Reviewed by Adam Harmer, University of California, Riverside

2019.05.26


As José Benardete observes, "the concept of the infinite is found to impinge on almost the whole schedule of ontological questions" (Infinity, viii). This is especially true for the early moderns, for whom questions like the following were still very much in play: Does the world have a beginning? Are there bounds to the spatial extent of the world? How does an imperfect creation flow from an infinitely perfect creator? How does the infinite divisibility of the continuum relate to the structure of the material world? How are human actions related to the (possibly) infinite chain of causes or influences that shape our behaviors? Far from being an esoteric topic, which is best relegated to the outskirts of metaphysics or mathematics, infinity has tendrils reaching into nearly every philosophical domain.

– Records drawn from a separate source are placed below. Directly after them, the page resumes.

lemma affine_if_ball_subset:
  assumes x: "x \<in> C" and y: "y \<in> C" and t: "0 \<le> t" "t \<le> 1"
    and ball: "\<And>q. q \<in> linf_sum X \<Longrightarrow> linf_dist q (lcomb t x y) \<le> 3 * linf_dist y x \<Longrightarrow> q \<in> C"
  shows "f (lcomb t x y) = (1 - t) *\<^sub>R f x + t *\<^sub>R f y"
proof -
  define m where "m = lcomb t x y"
  define D where "D = linf_dist y x"
  have D: "0 \<le> D"
    unfolding D_def using mem_linf_sum[OF y] mem_linf_sum[OF x] by (rule linf_dist_nonneg)
  obtain w where w: "w \<in> C" "f w = (1 - t) *\<^sub>R f x + t *\<^sub>R f y"
    using convex_combination_preimage[OF x y t] .
  have "w \<gamma>0 = m \<gamma>0" for \<gamma>0
  proof (rule ccontr)
    assume "w \<gamma>0 \<noteq> m \<gamma>0"
    define k where "k = w \<gamma>0 - m \<gamma>0"
    have "k \<noteq> 0"
      using \<open>w \<gamma>0 \<noteq> m \<gamma>0\<close> by (simp add: k_def)
    have "k \<in> X \<gamma>0"
      using mem_X[OF w(1)] mem_X[OF lcomb_mem[OF x y t]] subspace_X
      by (simp add: k_def m_def subspace_diff)
    moreover have "0 \<le> 2 * D"
      using D by simp
    \<comment> \<open>Push the midpoint away from \<open>w \<gamma>0\<close> by \<open>2 D\<close>; the segment through the new point still
      has its endpoints within \<open>2 D\<close> of \<open>x\<close> and \<open>y\<close>, and \<open>f\<close> is affine on it.\<close>
    ultimately obtain v0 where v0: "v0 \<in> X \<gamma>0" "norm v0 = 2 * D" "norm (k - v0) = norm k + 2 * D"
      using subspace_opposite_vector[OF subspace_X] \<open>k \<noteq> 0\<close> by blast
    obtain z z' \<rho> where z: "z \<in> linf_sum X" "z' \<in> linf_sum X" "\<And>\<gamma>. norm (z' \<gamma> - z \<gamma>) = \<rho>"
      and c: "lcomb t z z' = (\<lambda>\<gamma>. m \<gamma> + (if \<gamma> = \<gamma>0 then v0 else 0))"
      and dist: "linf_dist x z \<le> 2 * D" "linf_dist y z' \<le> 2 * D"
      and "linf_dist z m \<le> 3 * D" "linf_dist z' m \<le> 3 * D"
      using linf_sum_flat_segment_through[OF subspace_X unit_vector_X mem_linf_sum[OF x]
          mem_linf_sum[OF y] t v0(1)] v0(2)
      unfolding m_def D_def by auto
    then have "z \<in> C" "z' \<in> C"
      using ball unfolding m_def D_def by auto
    have "linf_dist w (lcomb t z z') \<le> 2 * D"
      using affine_on_flat_segment[OF \<open>z \<in> C\<close> \<open>z' \<in> C\<close> z(3) t] dist
      by (intro linf_dist_preimage_le[OF x y \<open>z \<in> C\<close> \<open>z' \<in> C\<close> w(1) t w(2)])
    moreover have "norm (w \<gamma>0 - lcomb t z z' \<gamma>0) = norm k + 2 * D"
      using v0(3) by (simp add: c k_def diff_diff_eq)
    moreover have "norm (w \<gamma>0 - lcomb t z z' \<gamma>0) \<le> linf_dist w (lcomb t z z')"
      using mem_linf_sum[OF w(1)] mem_linf_sum[OF lcomb_mem[OF \<open>z \<in> C\<close> \<open>z' \<in> C\<close> t]]
      by (rule norm_le_linf_dist)
    moreover have "norm k > 0"
      using \<open>k \<noteq> 0\<close> by simp
    ultimately show False
      by linarith
  qed
  then have "w = m"
    by (rule ext)
  then show ?thesis
    using w(2) by (simp add: m_def)
qed

lemma affine_if_segment_neighbourhood_subset:
  assumes x: "x \<in> C" and y: "y \<in> C" and "\<rho> > 0"
    and nbhd: "\<And>\<tau> q. 0 \<le> \<tau> \<Longrightarrow> \<tau> \<le> 1 \<Longrightarrow> q \<in> linf_sum X \<Longrightarrow> linf_dist q (lcomb \<tau> x y) \<le> \<rho> \<Longrightarrow> q \<in> C"
    and t: "0 \<le> t" "t \<le> 1"
  shows "f (lcomb t x y) = (1 - t) *\<^sub>R f x + t *\<^sub>R f y"
proof -
  define D where "D = linf_dist x y"
  have "0 \<le> D"
    unfolding D_def using mem_linf_sum[OF x] mem_linf_sum[OF y] by (rule linf_dist_nonneg)
  define \<delta> where "\<delta> = \<rho> / (3 * D + 1)"
  have "\<delta> > 0"
    using \<open>0 \<le> D\<close> \<open>\<rho> > 0\<close> by (simp add: \<delta>_def)
  have "f (lcomb t x y) = (1 - t) *\<^sub>R f (lcomb 0 x y) + t *\<^sub>R f (lcomb 1 x y)"
  proof (rule affine_if_locally_affine[OF \<open>\<delta> > 0\<close> _ t, where g = "\<lambda>\<tau>. f (lcomb \<tau> x y)"])
    fix a b s :: real
    assume ab: "0 \<le> a" "a \<le> b" "b \<le> 1" "b - a \<le> \<delta>" and s: "0 \<le> s" "s \<le> 1"
    define x' where "x' = lcomb a x y"
    define y' where "y' = lcomb b x y"
    have "x' \<in> C" "y' \<in> C"
      using lcomb_mem[OF x y] ab by (auto simp: x'_def y'_def)
    have "linf_dist y' x' \<le> (b - a) * D"
      using linf_dist_lcomb_lcomb_le[OF mem_linf_sum[OF x] mem_linf_sum[OF y], of b a] ab
      by (simp add: x'_def y'_def D_def)
    also have "\<dots> \<le> \<delta> * D"
      using ab \<open>0 \<le> D\<close> by (simp add: mult_right_mono)
    finally have "linf_dist y' x' \<le> \<delta> * D" .
    moreover have "3 * (\<delta> * D) \<le> \<rho>"
      using \<open>0 \<le> D\<close> \<open>\<rho> > 0\<close> by (simp add: \<delta>_def field_simps)
    ultimately have "3 * linf_dist y' x' \<le> \<rho>"
      by linarith
    moreover have "lcomb s x' y' = lcomb ((1 - s) * a + s * b) x y"
      unfolding x'_def y'_def by (rule lcomb_lcomb)
    moreover have "0 \<le> (1 - s) * a + s * b" "(1 - s) * a + s * b \<le> 1"
      using ab s by (simp_all add: convex_bound_le)
    ultimately have "f (lcomb s x' y') = (1 - s) *\<^sub>R f x' + s *\<^sub>R f y'"
      using nbhd by (intro affine_if_ball_subset[OF \<open>x' \<in> C\<close> \<open>y' \<in> C\<close> s]) force
    then show "f (lcomb ((1 - s) * a + s * b) x y) = (1 - s) *\<^sub>R f (lcomb a x y) + s *\<^sub>R f (lcomb b x y)"
      by (simp add: x'_def y'_def lcomb_lcomb)
  qed
  then show ?thesis
    by simp
qed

True to Benardete's insight, this collection aims to acknowledge the reach of the concept of infinity during the early modern period: a guiding principle of the volume is that "early modern philosophers employed various conceptions of the infinite in a wide variety of mathematical, scientific, and theological contexts" (4). Ohad Nachtomy and Reed Winegar, the volume's editors, note, "we do not think that any volume on the topic of infinity in early modern philosophy can claim to be comprehensive, and we make no such claims for this volume" (4). (One is tempted to make a joke about traversing the infinite here.) Instead of trying to be comprehensive, "the volume focuses in large part on three figures [Descartes, Spinoza, Leibniz] for whom infinity played an especially crucial role . . . and concludes with Kant" (4). As an organizing principle, this works well enough, but it still would have been nice to see a broader engagement with other thinkers, since the views of the four selected have been fairly well studied.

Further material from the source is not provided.